Pakistan’s Nukes Are Here To Stay, Get Used To
It
By Ahmed Quraishi
| The ‘real’
Pakistani officials in charge of the nation’s vast
nuclear and strategic arsenal have spent the past
few months quietly laughing at the doomsday
scenarios that American politicians and media
organizations have been spinning for months now.
These Pakistani officials say they are calm because
of their confidence in their capabilities. However,
this Pakistani calm should not be mistaken for
weakness. “My message is: Don’t mess with us,” says
Air Commodore Khalid Banuri, with pride. |
18/01/08 "World
View" -- -- ISLAMABAD,
Pakistan—Last November, The New York Times published what many
analysts in Islamabad described as a misleading story, claiming
that the United States had spent up to $ 100 million over the
past five years to help Pakistan secure its nuclear weapons.
The story coincided with reports
alleging that elite U.S. troops already had access to Pakistan’s
vast arsenal of nuclear and other strategic weapons.
Pakistani officials preferred to
ignore these reports, confident about their capabilities and a
little curious about where these bogus stories were coming from.
These officials were also content with assurances from the Bush
administration it had nothing to do with these reports.
But over the following weeks,
Pakistani analysts carefully watched how the U.S. media campaign
portraying Pakistan as a nuclear power incapable of securing its
weapons grew bigger and was joined by prominent American
academics and politicians.
The quality of the ‘media reports’
about Pakistani nukes also changed. Now the American media was
talking about actual ‘war games’ conducted by American military
institutions and think tanks as a prelude to sending in elite
troops to ‘grab’ Pakistani nuclear weapons in case of
instability in Pakistan on the pattern of typical Hollywood
movie scripts.
The propaganda reached its zenith
in January when Mrs. Hillary Clinton, the U.S. presidential
hopeful, proposed joint American and British ‘supervision’ of
Pakistan’s nuclear weapons.
But there is a reason why Pakistani
responses to these reports remained mostly calm and calculated.
It is because the women and men in charge of the Pakistani
strategic arsenal were quietly making fun of the American
allegations and at first did not even take them seriously.

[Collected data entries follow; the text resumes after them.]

(* Let $n\ge 2$. The set $\mathcal B=\{[in|jn] : i,j\in[n-1]\}$ is a lattice basis of the Veronese lattice $L_n=\ker_{\mathbb{Z}}(V_n)\subset\mathbb{Z}^{\binom{n+1}{2}}$.
   Context: $[n]=\{1,\dots,n\}$. $\mathbb{Z}^{\binom{n+1}{2}}$ has standard basis $e_{ij}$, $1\le i\le j\le n$, with the convention $e_{ij}=e_{ji}$. For $i,j,k,l\in[n]$, $[ij|kl]:=e_{ik}+e_{jl}-e_{il}-e_{jk}$ (note $[in|jn]=[jn|in]$). $V_n$ is the $n\times\binom{n+1}{2}$ integer matrix whose column indexed by $jk$ is $e_j+e_k\in\mathbb{Z}^n$. *)

theory Defs
  imports Main
begin

text \<open>Vectors of Z^(binom(n+1,2)) are modelled as functions nat \<times> nat \<Rightarrow> int,
  indexed by pairs (i,j) with 1 \<le> i \<le> j \<le> n and vanishing elsewhere.\<close>

definition idx :: "nat \<Rightarrow> (nat \<times> nat) set" where
  "idx n = {(i,j). 1 \<le> i \<and> i \<le> j \<and> j \<le> n}"

definition evec :: "nat \<Rightarrow> nat \<Rightarrow> (nat \<times> nat \<Rightarrow> int)" where
  "evec i j = (\<lambda>p. if p = (min i j, max i j) then 1 else 0)"

definition brk :: "nat \<Rightarrow> nat \<Rightarrow> nat \<Rightarrow> nat \<Rightarrow> (nat \<times> nat \<Rightarrow> int)" where
  "brk i j k l = (\<lambda>p. evec i k p + evec j l p - evec i l p - evec j k p)"

text \<open>The matrix V_n applied to x: column jk is e_j + e_k.\<close>
definition Vmul :: "nat \<Rightarrow> (nat \<times> nat \<Rightarrow> int) \<Rightarrow> nat \<Rightarrow> int" where
  "Vmul n x m = (\<Sum>p\<in>idx n. x p * (of_bool (fst p = m) + of_bool (snd p = m)))"

definition veronese_lattice :: "nat \<Rightarrow> (nat \<times> nat \<Rightarrow> int) set" where
  "veronese_lattice n = {x. (\<forall>p. p \<notin> idx n \<longrightarrow> x p = 0) \<and> (\<forall>m\<in>{1..n}. Vmul n x m = 0)}"

definition lattice_basis :: "('a \<Rightarrow> int) set \<Rightarrow> ('a \<Rightarrow> int) set \<Rightarrow> bool" where
  "lattice_basis B L \<longleftrightarrow> finite B \<and> B \<subseteq> L \<and>
     (\<forall>c. (\<lambda>p. \<Sum>b\<in>B. c b * b p) = (\<lambda>p. 0) \<longrightarrow> (\<forall>b\<in>B. c b = 0)) \<and>
     (\<forall>x\<in>L. \<exists>c. x = (\<lambda>p. \<Sum>b\<in>B. c b * b p))"

definition Bset :: "nat \<Rightarrow> (nat \<times> nat \<Rightarrow> int) set" where
  "Bset n = {brk i n j n | i j. i \<in> {1..n-1} \<and> j \<in> {1..n-1}}"

end

theory Submission
  imports Defs
begin

text \<open>The vectors [in|jn] with 1 \<le> i \<le> j < n have, on the coordinates ij with j < n, exactly
  one nonzero entry, a 1 at ij. So the coefficients of an integer combination of them can be
  read off on these coordinates, which gives independence. For spanning, subtract from x in L_n
  the combination with coefficients x_ij (j < n); the difference y lies in L_n and is supported
  on the last column. Row m < n of V_n then reads y_mn = 0, and row n reads 2 y_nn = 0.\<close>

definition low_idx :: "nat \<Rightarrow> (nat \<times> nat) set" where
  "low_idx n = {(i,j). 1 \<le> i \<and> i \<le> j \<and> j \<le> n - 1}"

definition bvec :: "nat \<Rightarrow> nat \<times> nat \<Rightarrow> (nat \<times> nat \<Rightarrow> int)" where
  "bvec n q = brk (fst q) n (snd q) n"

lemma finite_idx: "finite (idx n)"
  by (rule finite_subset[of _ "{0..n} \<times> {0..n}"]) (auto simp: idx_def)

lemma finite_low_idx: "finite (low_idx n)"
  by (rule finite_subset[of _ "{0..n} \<times> {0..n}"]) (auto simp: low_idx_def)

lemma idx_eq_low_idx_Un_last_column:
  assumes "n \<ge> 2"
  shows "idx n = low_idx n \<union> (\<lambda>k. (k, n)) ` {1..n}"
  using assms unfolding idx_def low_idx_def by auto

lemma brk_last_commute: "brk i n j n = brk j n i n"
  unfolding brk_def evec_def by (rule ext) (auto simp: min_def max_def)

text \<open>Since [in|jn] = [jn|in], restricting to i \<le> j indexes each element of Bset exactly once.\<close>

lemma Bset_eq_image_bvec: "Bset n = bvec n ` low_idx n"
proof
  show "Bset n \<subseteq> bvec n ` low_idx n"
  proof
    fix b assume "b \<in> Bset n"
    then obtain i j where b: "b = brk i n j n" "i \<in> {1..n-1}" "j \<in> {1..n-1}"
      unfolding Bset_def by blast
    have "b = bvec n (min i j, max i j)"
      using b brk_last_commute[of i n j] by (auto simp: bvec_def min_def max_def)
    moreover have "(min i j, max i j) \<in> low_idx n" using b by (auto simp: low_idx_def)
    ultimately show "b \<in> bvec n ` low_idx n" by blast
  qed
next
  show "bvec n ` low_idx n \<subseteq> Bset n"
  proof
    fix b assume "b \<in> bvec n ` low_idx n"
    then obtain i j where "b = brk i n j n" "(i, j) \<in> low_idx n"
      unfolding bvec_def by auto
    then show "b \<in> Bset n" unfolding Bset_def low_idx_def by fastforce
  qed
qed

lemma bvec_on_low_idx:
  assumes "q \<in> low_idx n" "p \<in> low_idx n"
  shows "bvec n q p = of_bool (q = p)"
  using assms unfolding low_idx_def bvec_def brk_def evec_def
  by (cases q, cases p) (auto simp: min_def max_def)

lemma inj_on_bvec: "inj_on (bvec n) (low_idx n)"
proof
  fix q q' assume "q \<in> low_idx n" "q' \<in> low_idx n" "bvec n q = bvec n q'"
  then have "bvec n q q = bvec n q' q" by simp
  with \<open>q \<in> low_idx n\<close> \<open>q' \<in> low_idx n\<close> show "q = q'" by (simp add: bvec_on_low_idx)
qed

lemma sum_Bset_eq_sum_low_idx:
  "(\<Sum>b\<in>Bset n. c b * b p) = (\<Sum>q\<in>low_idx n. c (bvec n q) * bvec n q p)"
  unfolding Bset_eq_image_bvec using inj_on_bvec by (simp add: sum.reindex)

lemma bvec_combination_on_low_idx:
  assumes "p \<in> low_idx n"
  shows "(\<Sum>q\<in>low_idx n. c q * bvec n q p) = c p"
proof -
  have "(\<Sum>q\<in>low_idx n. c q * bvec n q p) = (\<Sum>q\<in>low_idx n. if q = p then c q else 0)"
    by (rule sum.cong) (auto simp: bvec_on_low_idx assms)
  also have "\<dots> = c p" using assms finite_low_idx by simp
  finally show ?thesis .
qed

lemma Vmul_evec:
  assumes "1 \<le> a" "a \<le> n" "1 \<le> b" "b \<le> n"
  shows "Vmul n (evec a b) m = of_bool (a = m) + of_bool (b = m)"
proof -
  let ?w = "\<lambda>p::nat\<times>nat. (of_bool (fst p = m) + of_bool (snd p = m)) :: int"
  have mem: "(min a b, max a b) \<in> idx n" using assms by (auto simp: idx_def)
  have "Vmul n (evec a b) m = (\<Sum>p\<in>idx n. if p = (min a b, max a b) then ?w p else 0)"
    unfolding Vmul_def evec_def by (rule sum.cong) auto
  also have "\<dots> = ?w (min a b, max a b)" using mem finite_idx by simp
  also have "\<dots> = of_bool (a = m) + of_bool (b = m)" by (auto simp: min_def max_def)
  finally show ?thesis .
qed

lemma Vmul_brk:
  assumes "i \<in> {1..n}" "j \<in> {1..n}" "k \<in> {1..n}" "l \<in> {1..n}"
  shows "Vmul n (brk i j k l) m = 0"
proof -
  have "Vmul n (brk i j k l) m = Vmul n (evec i k) m + Vmul n (evec j l) m
      - Vmul n (evec i l) m - Vmul n (evec j k) m"
    unfolding Vmul_def brk_def by (simp add: sum.distrib sum_subtractf algebra_simps)
  also have "\<dots> = 0" using assms by (simp add: Vmul_evec)
  finally show ?thesis .
qed

lemma Vmul_sum:
  "Vmul n (\<lambda>p. \<Sum>q\<in>A. c q * f q p) m = (\<Sum>q\<in>A. c q * Vmul n (f q) m)"
  unfolding Vmul_def
  by (simp add: sum_distrib_left sum_distrib_right mult.assoc sum.swap[of _ A])

lemma Vmul_diff: "Vmul n (\<lambda>p. f p - g p) m = Vmul n f m - Vmul n g m"
  unfolding Vmul_def by (simp add: sum_subtractf algebra_simps)

lemma veronese_lattice_diff:
  assumes "x \<in> veronese_lattice n" "y \<in> veronese_lattice n"
  shows "(\<lambda>p. x p - y p) \<in> veronese_lattice n"
  using assms by (simp add: veronese_lattice_def Vmul_diff)

lemma bvec_in_veronese_lattice:
  assumes "n \<ge> 2" "q \<in> low_idx n"
  shows "bvec n q \<in> veronese_lattice n"
proof -
  have "bvec n q p = 0" if "p \<notin> idx n" for p
    using assms that unfolding low_idx_def bvec_def brk_def evec_def idx_def
    by (cases q, cases p) (auto simp: min_def max_def)
  moreover have "Vmul n (bvec n q) m = 0" for m
    using assms unfolding bvec_def by (intro Vmul_brk) (auto simp: low_idx_def)
  ultimately show ?thesis by (simp add: veronese_lattice_def)
qed

lemma bvec_combination_in_veronese_lattice:
  assumes "n \<ge> 2"
  shows "(\<lambda>p. \<Sum>q\<in>low_idx n. c q * bvec n q p) \<in> veronese_lattice n"
  using bvec_in_veronese_lattice[OF assms]
  by (simp add: veronese_lattice_def Vmul_sum)

lemma Vmul_supported_on_last_column:
  assumes "n \<ge> 2" "\<And>p. p \<in> low_idx n \<Longrightarrow> y p = 0"
  shows "Vmul n y m = (\<Sum>k\<in>{1..n}. y (k,n) * (of_bool (k = m) + of_bool (n = m)))"
proof -
  have "Vmul n y m
      = (\<Sum>p\<in>(\<lambda>k. (k, n)) ` {1..n}. y p * (of_bool (fst p = m) + of_bool (snd p = m)))"
    unfolding Vmul_def
    by (rule sum.mono_neutral_right)
       (auto simp: idx_eq_low_idx_Un_last_column[OF assms(1)] assms(2) finite_low_idx)
  also have "\<dots> = (\<Sum>k\<in>{1..n}. y (k,n) * (of_bool (k = m) + of_bool (n = m)))"
    by (subst sum.reindex) (auto simp: inj_on_def)
  finally show ?thesis .
qed

lemma veronese_lattice_eq_0_if_vanishes_on_low_idx:
  assumes "n \<ge> 2" "y \<in> veronese_lattice n" "\<And>p. p \<in> low_idx n \<Longrightarrow> y p = 0"
  shows "y = (\<lambda>p. 0)"
proof -
  have row: "(\<Sum>k\<in>{1..n}. y (k,n) * (of_bool (k = m) + of_bool (n = m))) = 0"
    if "m \<in> {1..n}" for m
    using assms that Vmul_supported_on_last_column[OF assms(1,3)]
    by (simp add: veronese_lattice_def)
  have low: "y (m,n) = 0" if "1 \<le> m" "m < n" for m
  proof -
    have "(\<Sum>k\<in>{1..n}. y (k,n) * (of_bool (k = m) + of_bool (n = m)))
        = (\<Sum>k\<in>{1..n}. if k = m then y (k,n) else 0)"
      by (rule sum.cong) (use that in auto)
    also have "\<dots> = y (m,n)" using that by simp
    finally show ?thesis using row[of m] that by simp
  qed
  have top: "y (n,n) = 0"
  proof -
    have "(\<Sum>k\<in>{1..n}. y (k,n) * (of_bool (k = n) + of_bool (n = n)))
        = (\<Sum>k\<in>{1..n}. if k = n then 2 * y (k,n) else 0)"
      by (rule sum.cong) (auto simp: low)
    also have "\<dots> = 2 * y (n,n)" using assms(1) by simp
    finally show ?thesis using row[of n] assms(1) by simp
  qed
  have "y p = 0" for p
  proof (cases "p \<in> idx n")
    case True
    then consider "p \<in> low_idx n" | k where "p = (k,n)" "k \<in> {1..n}"
      unfolding idx_eq_low_idx_Un_last_column[OF assms(1)] by blast
    then show ?thesis
      by cases (use assms(3) low top in \<open>auto simp: nat_less_le\<close>)
  next
    case False
    then show ?thesis using assms(2) by (cases p) (simp add: veronese_lattice_def)
  qed
  then show ?thesis by auto
qed

lemma Bset_independent:
  assumes "(\<lambda>p. \<Sum>b\<in>Bset n. c b * b p) = (\<lambda>p. 0)" "b \<in> Bset n"
  shows "c b = 0"
proof -
  obtain q where q: "q \<in> low_idx n" "b = bvec n q"
    using assms(2) unfolding Bset_eq_image_bvec by blast
  have "0 = (\<Sum>b\<in>Bset n. c b * b q)" using fun_cong[OF assms(1), of q] by simp
  also have "\<dots> = c b"
    using q by (simp add: sum_Bset_eq_sum_low_idx bvec_combination_on_low_idx)
  finally show ?thesis by simp
qed

lemma Bset_spans_veronese_lattice:
  assumes "n \<ge> 2" "x \<in> veronese_lattice n"
  shows "\<exists>c. x = (\<lambda>p. \<Sum>b\<in>Bset n. c b * b p)"
proof -
  define s where "s = (\<lambda>p. \<Sum>q\<in>low_idx n. x q * bvec n q p)"
  define c where "c = (\<lambda>b. x (inv_into (low_idx n) (bvec n) b))"
  have "s \<in> veronese_lattice n"
    unfolding s_def by (rule bvec_combination_in_veronese_lattice[OF assms(1)])
  then have "(\<lambda>p. x p - s p) \<in> veronese_lattice n"
    using assms(2) by (rule veronese_lattice_diff[rotated])
  moreover have "x p - s p = 0" if "p \<in> low_idx n" for p
    using that by (simp add: s_def bvec_combination_on_low_idx)
  ultimately have "(\<lambda>p. x p - s p) = (\<lambda>p. 0)"
    using veronese_lattice_eq_0_if_vanishes_on_low_idx[OF assms(1)] by blast
  then have "x = s" by (simp add: fun_eq_iff)
  also have "s = (\<lambda>p. \<Sum>b\<in>Bset n. c b * b p)"
    unfolding s_def c_def sum_Bset_eq_sum_low_idx
    by (rule ext, rule sum.cong) (auto simp: inv_into_f_f[OF inj_on_bvec])
  finally show ?thesis by blast
qed

theorem lemma2p1:
  fixes n :: nat
  assumes "n \<ge> 2"
  shows "lattice_basis (Bset n) (veronese_lattice n)"
proof -
  have "finite (Bset n)"
    unfolding Bset_eq_image_bvec using finite_low_idx by (rule finite_imageI)
  moreover have "Bset n \<subseteq> veronese_lattice n"
    unfolding Bset_eq_image_bvec using bvec_in_veronese_lattice[OF assms] by blast
  ultimately show ?thesis
    unfolding lattice_basis_def
    using Bset_independent Bset_spans_veronese_lattice[OF assms] by blast
qed

end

“It’s laughable,” said Air
Commodore Khalid Banuri, a director at the Strategic Plans
Division, or the S.P.D., which is the Secretariat of the
National Command Authority that controls the Pakistani strategic
assets. “We did make the bomb, didn’t we? The world thought we
couldn’t do it.”
Nevertheless, one of the founding
members of the team that created Pakistan’s National Command
Authority, retired Brigadier Naeem Salik, who is currently
teaching at Washington’s Johns Hopkins University as a visiting
scholar, is advising caution while dismissing the American
reports.
“We can’t dismiss it as a media
campaign. There is a background to it,” he told me last week
during a visit to Islamabad.
I have argued that this U.S. media
trial of Pakistan’s nuclear capabilities is not natural. It’s
not like a few American journalists suddenly found themselves
out of stories and thought, “what the heck, let’s talk about
Pakistani nukes.”
This campaign must be seen in the
context of a deliberate U.S. strategy to destabilize Pakistan.

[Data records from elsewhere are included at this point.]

text \<open>Draw an involution as arcs \<open>i \<frown> p i\<close>. Writing \<open>|p i - i|\<close> as the number of positions
  between \<open>i\<close> and \<open>p i\<close> and summing over pairs shows \<open>D = I + T + 2 X\<close>, where \<open>X\<close> counts
  crossing arcs \<open>i < j < p i < p j\<close>; so the shallow involutions are the noncrossing ones.
  A noncrossing involution of an interval \<open>[l, r]\<close> without an increasing triple either joins
  \<open>l\<close> to \<open>r\<close> by an arc, leaving such an involution of \<open>[l + 1, r - 1]\<close>, or it reverses the two
  blocks \<open>[l, m]\<close> and \<open>[m + 1, r]\<close> for some \<open>l \<le> m < r\<close>. With \<open>k = r - l + 1\<close> this gives
  \<open>c k = (k - 1) + c (k - 2)\<close>, whose solution is \<open>\<lfloor>k\<^sup>2/4\<rfloor> + 1\<close>.\<close>

definition increasing_triple_free :: "nat \<Rightarrow> nat \<Rightarrow> (nat \<Rightarrow> nat) \<Rightarrow> bool" where
  "increasing_triple_free l r p \<longleftrightarrow>
     (\<forall>i j k. l \<le> i \<longrightarrow> i < j \<longrightarrow> j < k \<longrightarrow> k \<le> r \<longrightarrow> \<not> (p i < p j \<and> p j < p k))"

definition crossing_free :: "nat \<Rightarrow> nat \<Rightarrow> (nat \<Rightarrow> nat) \<Rightarrow> bool" where
  "crossing_free l r p \<longleftrightarrow> \<not> (\<exists>a c. l \<le> a \<and> a < c \<and> c < p a \<and> p a < p c \<and> p c \<le> r)"
lemma rperp_Union_Xa: "rperp (\<Union>(Xa ` T)) = {y \<in> idealsY. T \<subseteq> y}"
proof (intro equalityI subsetI)
  fix y assume y: "y \<in> rperp (\<Union>(Xa ` T))"
  have "t \<in> y" if "t \<in> T" for t
  proof -
    have "{c. t \<le> c} \<in> \<Union>(Xa ` T)"
      using that principal_filter_mem_Xa by blast
    then have "perp {c. t \<le> c} y"
      using y unfolding rperp_def by blast
    then show ?thesis
      using perp_principal_filter_iff[OF mem_rperp_is_ideal[OF y]] by blast
  qed
  then show "y \<in> {y \<in> idealsY. T \<subseteq> y}"
    using mem_rperp_is_ideal[OF y] by auto
next
  fix y assume "y \<in> {y \<in> idealsY. T \<subseteq> y}"
  then show "y \<in> rperp (\<Union>(Xa ` T))"
    unfolding rperp_def Xa_def perp_def by auto
qed

lemma GSup_Xa_image: "GSup (Xa ` T) = lperp {y \<in> idealsY. T \<subseteq> y}"
  unfolding GSup_def rperp_Union_Xa ..

lemma GSup_Xa_image_eq_Xa:
  assumes "\<And>y. is_ideal y \<Longrightarrow> T \<subseteq> y \<longleftrightarrow> c \<in> y"
  shows "GSup (Xa ` T) = Xa c"
proof -
  have "{y \<in> idealsY. T \<subseteq> y} = {y \<in> idealsY. c \<in> y}"
    using assms by auto
  then show ?thesis
    unfolding GSup_Xa_image Xa_eq_lperp by simp
qed

lemma Xa_sup: "Xa (sup a b) = GSup {Xa a, Xa b}"
proof -
  have "GSup (Xa ` {a, b}) = Xa (sup a b)"
    by (rule GSup_Xa_image_eq_Xa) (simp add: is_ideal_sup_iff)
  then show ?thesis
    by simp
qed

lemma Xa_bot: "Xa (bot::'a::bounded_lattice) = GSup {}"
proof -
  have "GSup (Xa ` {}) = Xa (bot::'a)"
    by (rule GSup_Xa_image_eq_Xa) (simp add: is_ideal_bot)
  then show ?thesis
    by simp
qed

This strategy includes the war on terror, the American
exploitation of late Mrs. Benazir Bhutto, and the situation in
Afghanistan.
By early December, 2007, Pakistani
officials started watching this American campaign closely.
On 11 December, the chairman of
Pakistan's Joint Chiefs of Staff, General Tariq Majid, blasted
reports by “vested and hostile elements in the international
media” about the security of its nuclear weapons, an army
statement said.
"Suggestions have been made that
our assets could either be neutralized or taken away towards
safer places to prevent them from falling into wrong hands," the
statement quoted Majid as saying after witnessing the launch of
the Pakistani-developed Babur-Hatf-7 cruise missile.
"Though no responsible state in
the world can contemplate such an impossible operation, yet if
someone did create such a scenario, Pakistan would meet the
challenge strongly," the statement said.
"Pakistan's nuclear assets are
very safe and secure, and the nation needs not to worry on that
account. There is a very strong security system in place, which
can ward off all threats, internal as well as external."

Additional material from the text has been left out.